━━━━━ Data to examine ━━━━━
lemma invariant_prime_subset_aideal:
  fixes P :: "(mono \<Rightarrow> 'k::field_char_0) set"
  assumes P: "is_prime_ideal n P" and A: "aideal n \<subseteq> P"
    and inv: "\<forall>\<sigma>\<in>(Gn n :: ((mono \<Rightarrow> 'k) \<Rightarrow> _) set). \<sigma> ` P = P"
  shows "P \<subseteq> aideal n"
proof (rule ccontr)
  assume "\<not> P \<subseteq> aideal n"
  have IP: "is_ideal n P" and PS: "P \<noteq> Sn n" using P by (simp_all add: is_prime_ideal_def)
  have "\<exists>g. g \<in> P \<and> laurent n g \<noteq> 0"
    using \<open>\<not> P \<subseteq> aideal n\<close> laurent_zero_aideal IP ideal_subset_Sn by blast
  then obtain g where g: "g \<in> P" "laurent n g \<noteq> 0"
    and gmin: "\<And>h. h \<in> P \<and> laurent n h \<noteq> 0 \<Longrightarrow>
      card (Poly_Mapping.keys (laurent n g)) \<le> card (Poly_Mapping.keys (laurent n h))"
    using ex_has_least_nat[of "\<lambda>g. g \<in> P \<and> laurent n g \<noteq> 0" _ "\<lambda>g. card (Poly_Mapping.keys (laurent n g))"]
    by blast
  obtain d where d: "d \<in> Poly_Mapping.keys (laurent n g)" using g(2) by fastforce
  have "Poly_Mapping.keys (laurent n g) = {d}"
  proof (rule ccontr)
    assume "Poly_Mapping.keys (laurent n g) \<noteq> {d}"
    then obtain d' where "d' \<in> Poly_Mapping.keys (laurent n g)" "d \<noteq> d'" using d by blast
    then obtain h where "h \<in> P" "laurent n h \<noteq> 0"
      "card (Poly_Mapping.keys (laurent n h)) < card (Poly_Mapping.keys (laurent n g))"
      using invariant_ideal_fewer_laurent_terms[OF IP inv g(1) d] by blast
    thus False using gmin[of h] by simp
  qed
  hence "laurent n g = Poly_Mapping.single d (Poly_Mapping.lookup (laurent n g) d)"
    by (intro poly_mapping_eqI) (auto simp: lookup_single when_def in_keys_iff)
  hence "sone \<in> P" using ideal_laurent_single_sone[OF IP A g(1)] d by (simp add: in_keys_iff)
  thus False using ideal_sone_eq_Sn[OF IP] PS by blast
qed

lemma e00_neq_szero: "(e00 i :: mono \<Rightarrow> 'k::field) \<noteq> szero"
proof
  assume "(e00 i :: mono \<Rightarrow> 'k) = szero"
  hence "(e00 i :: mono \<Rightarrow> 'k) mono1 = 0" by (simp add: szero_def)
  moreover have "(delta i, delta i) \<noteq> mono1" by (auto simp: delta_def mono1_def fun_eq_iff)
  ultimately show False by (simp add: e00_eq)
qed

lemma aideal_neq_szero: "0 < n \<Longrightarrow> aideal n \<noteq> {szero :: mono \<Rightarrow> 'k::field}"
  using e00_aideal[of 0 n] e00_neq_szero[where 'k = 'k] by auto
━━━━━
━━━━━ Data to examine ━━━━━
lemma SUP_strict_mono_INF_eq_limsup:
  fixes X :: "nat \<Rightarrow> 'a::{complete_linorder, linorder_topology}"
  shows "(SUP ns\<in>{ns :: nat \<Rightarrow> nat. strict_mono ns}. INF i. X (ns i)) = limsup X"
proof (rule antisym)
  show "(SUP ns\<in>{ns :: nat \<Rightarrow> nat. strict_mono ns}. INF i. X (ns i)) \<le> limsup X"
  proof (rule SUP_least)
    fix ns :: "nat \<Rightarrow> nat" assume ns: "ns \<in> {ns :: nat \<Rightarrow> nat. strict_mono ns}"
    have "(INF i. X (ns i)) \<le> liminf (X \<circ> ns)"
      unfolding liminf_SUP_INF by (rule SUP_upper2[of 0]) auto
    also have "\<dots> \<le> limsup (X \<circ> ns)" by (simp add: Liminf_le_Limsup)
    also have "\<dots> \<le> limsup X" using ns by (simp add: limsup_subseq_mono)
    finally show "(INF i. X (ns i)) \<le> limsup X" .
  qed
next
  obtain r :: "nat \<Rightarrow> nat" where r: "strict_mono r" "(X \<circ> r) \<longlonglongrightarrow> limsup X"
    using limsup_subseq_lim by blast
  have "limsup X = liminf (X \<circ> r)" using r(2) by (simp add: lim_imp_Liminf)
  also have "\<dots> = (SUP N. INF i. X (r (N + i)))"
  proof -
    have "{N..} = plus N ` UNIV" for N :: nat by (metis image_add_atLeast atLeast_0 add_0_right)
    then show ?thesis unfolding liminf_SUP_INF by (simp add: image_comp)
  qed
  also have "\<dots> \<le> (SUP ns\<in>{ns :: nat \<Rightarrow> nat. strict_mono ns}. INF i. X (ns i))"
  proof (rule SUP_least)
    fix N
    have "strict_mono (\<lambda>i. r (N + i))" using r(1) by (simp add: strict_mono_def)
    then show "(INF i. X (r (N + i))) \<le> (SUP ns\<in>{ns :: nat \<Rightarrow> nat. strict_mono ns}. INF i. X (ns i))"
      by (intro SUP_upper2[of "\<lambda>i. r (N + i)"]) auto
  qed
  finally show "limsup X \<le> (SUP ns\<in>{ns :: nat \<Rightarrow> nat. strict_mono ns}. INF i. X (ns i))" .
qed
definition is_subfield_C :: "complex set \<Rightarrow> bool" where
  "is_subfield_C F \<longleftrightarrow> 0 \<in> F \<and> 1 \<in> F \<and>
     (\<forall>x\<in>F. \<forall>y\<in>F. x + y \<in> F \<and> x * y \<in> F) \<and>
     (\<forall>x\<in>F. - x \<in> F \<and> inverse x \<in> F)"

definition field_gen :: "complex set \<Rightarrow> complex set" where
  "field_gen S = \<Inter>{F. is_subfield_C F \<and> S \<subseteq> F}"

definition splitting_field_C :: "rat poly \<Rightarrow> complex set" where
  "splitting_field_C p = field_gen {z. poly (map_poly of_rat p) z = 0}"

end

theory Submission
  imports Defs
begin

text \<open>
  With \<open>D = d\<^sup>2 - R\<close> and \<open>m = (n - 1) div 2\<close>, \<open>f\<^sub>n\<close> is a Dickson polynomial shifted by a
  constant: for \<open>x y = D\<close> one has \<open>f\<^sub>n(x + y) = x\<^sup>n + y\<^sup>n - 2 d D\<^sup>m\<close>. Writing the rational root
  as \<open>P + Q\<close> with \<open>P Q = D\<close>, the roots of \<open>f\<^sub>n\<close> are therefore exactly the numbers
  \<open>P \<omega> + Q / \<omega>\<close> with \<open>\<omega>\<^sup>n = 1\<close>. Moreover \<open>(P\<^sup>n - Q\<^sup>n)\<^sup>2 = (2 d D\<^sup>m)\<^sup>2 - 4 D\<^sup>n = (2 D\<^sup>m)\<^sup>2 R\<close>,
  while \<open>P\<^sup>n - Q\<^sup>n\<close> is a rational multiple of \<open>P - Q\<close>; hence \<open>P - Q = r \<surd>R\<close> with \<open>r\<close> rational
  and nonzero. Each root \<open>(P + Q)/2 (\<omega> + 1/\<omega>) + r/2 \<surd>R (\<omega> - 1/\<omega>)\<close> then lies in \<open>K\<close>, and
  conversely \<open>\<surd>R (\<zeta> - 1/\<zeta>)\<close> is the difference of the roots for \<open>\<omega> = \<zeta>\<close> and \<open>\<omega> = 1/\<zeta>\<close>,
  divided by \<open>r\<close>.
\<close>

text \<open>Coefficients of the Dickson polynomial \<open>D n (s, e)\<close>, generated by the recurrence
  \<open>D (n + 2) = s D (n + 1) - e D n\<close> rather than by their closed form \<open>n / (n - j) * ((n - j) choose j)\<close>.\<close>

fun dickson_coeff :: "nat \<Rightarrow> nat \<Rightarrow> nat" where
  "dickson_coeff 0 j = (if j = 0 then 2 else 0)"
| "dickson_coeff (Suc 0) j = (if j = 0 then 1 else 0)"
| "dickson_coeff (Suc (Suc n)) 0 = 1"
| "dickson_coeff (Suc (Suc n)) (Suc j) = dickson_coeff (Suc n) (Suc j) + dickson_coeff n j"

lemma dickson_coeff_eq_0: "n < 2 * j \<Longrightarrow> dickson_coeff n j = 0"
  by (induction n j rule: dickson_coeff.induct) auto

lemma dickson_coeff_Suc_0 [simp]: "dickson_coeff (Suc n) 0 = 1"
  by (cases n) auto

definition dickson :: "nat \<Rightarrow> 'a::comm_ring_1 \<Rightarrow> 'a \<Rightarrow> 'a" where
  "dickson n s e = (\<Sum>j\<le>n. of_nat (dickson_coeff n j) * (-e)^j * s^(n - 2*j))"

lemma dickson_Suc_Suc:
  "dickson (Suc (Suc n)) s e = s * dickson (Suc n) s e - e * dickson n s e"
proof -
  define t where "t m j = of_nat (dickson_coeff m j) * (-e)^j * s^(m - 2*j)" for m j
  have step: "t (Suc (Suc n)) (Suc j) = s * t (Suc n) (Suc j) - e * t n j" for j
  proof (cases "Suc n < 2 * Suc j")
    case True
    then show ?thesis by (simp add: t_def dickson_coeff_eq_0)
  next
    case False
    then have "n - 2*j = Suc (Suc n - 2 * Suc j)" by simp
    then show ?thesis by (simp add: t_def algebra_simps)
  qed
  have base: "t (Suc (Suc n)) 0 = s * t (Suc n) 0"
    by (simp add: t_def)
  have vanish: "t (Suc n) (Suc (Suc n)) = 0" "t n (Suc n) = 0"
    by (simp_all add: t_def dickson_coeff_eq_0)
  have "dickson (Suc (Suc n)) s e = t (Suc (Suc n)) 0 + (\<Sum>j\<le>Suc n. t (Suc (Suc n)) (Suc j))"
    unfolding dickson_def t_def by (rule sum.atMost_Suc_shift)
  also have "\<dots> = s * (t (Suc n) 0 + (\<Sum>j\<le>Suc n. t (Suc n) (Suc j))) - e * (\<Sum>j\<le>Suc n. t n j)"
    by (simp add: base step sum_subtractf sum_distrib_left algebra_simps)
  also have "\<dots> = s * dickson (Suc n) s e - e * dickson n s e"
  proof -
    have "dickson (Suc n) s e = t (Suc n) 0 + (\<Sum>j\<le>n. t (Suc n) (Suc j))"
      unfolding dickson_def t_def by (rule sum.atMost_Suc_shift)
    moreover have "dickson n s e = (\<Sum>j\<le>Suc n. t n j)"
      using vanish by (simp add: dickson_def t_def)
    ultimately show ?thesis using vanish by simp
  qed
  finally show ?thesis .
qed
━━━━━
**Assigned task**
Of all the entries above, output exactly the lines between the one holding "constant: for \<open>x" and the one holding "text \<open>Coefficients of", inclusive.

**Exercise answer**
  constant: for \<open>x y = D\<close> one has \<open>f\<^sub>n(x + y) = x\<^sup>n + y\<^sup>n - 2 d D\<^sup>m\<close>. Writing the rational root
  as \<open>P + Q\<close> with \<open>P Q = D\<close>, the roots of \<open>f\<^sub>n\<close> are therefore exactly the numbers
  \<open>P \<omega> + Q / \<omega>\<close> with \<open>\<omega>\<^sup>n = 1\<close>. Moreover \<open>(P\<^sup>n - Q\<^sup>n)\<^sup>2 = (2 d D\<^sup>m)\<^sup>2 - 4 D\<^sup>n = (2 D\<^sup>m)\<^sup>2 R\<close>,
  while \<open>P\<^sup>n - Q\<^sup>n\<close> is a rational multiple of \<open>P - Q\<close>; hence \<open>P - Q = r \<surd>R\<close> with \<open>r\<close> rational
  and nonzero. Each root \<open>(P + Q)/2 (\<omega> + 1/\<omega>) + r/2 \<surd>R (\<omega> - 1/\<omega>)\<close> then lies in \<open>K\<close>, and
  conversely \<open>\<surd>R (\<zeta> - 1/\<zeta>)\<close> is the difference of the roots for \<open>\<omega> = \<zeta>\<close> and \<open>\<omega> = 1/\<zeta>\<close>,
  divided by \<open>r\<close>.
\<close>

text \<open>Coefficients of the Dickson polynomial \<open>D n (s, e)\<close>, generated by the recurrence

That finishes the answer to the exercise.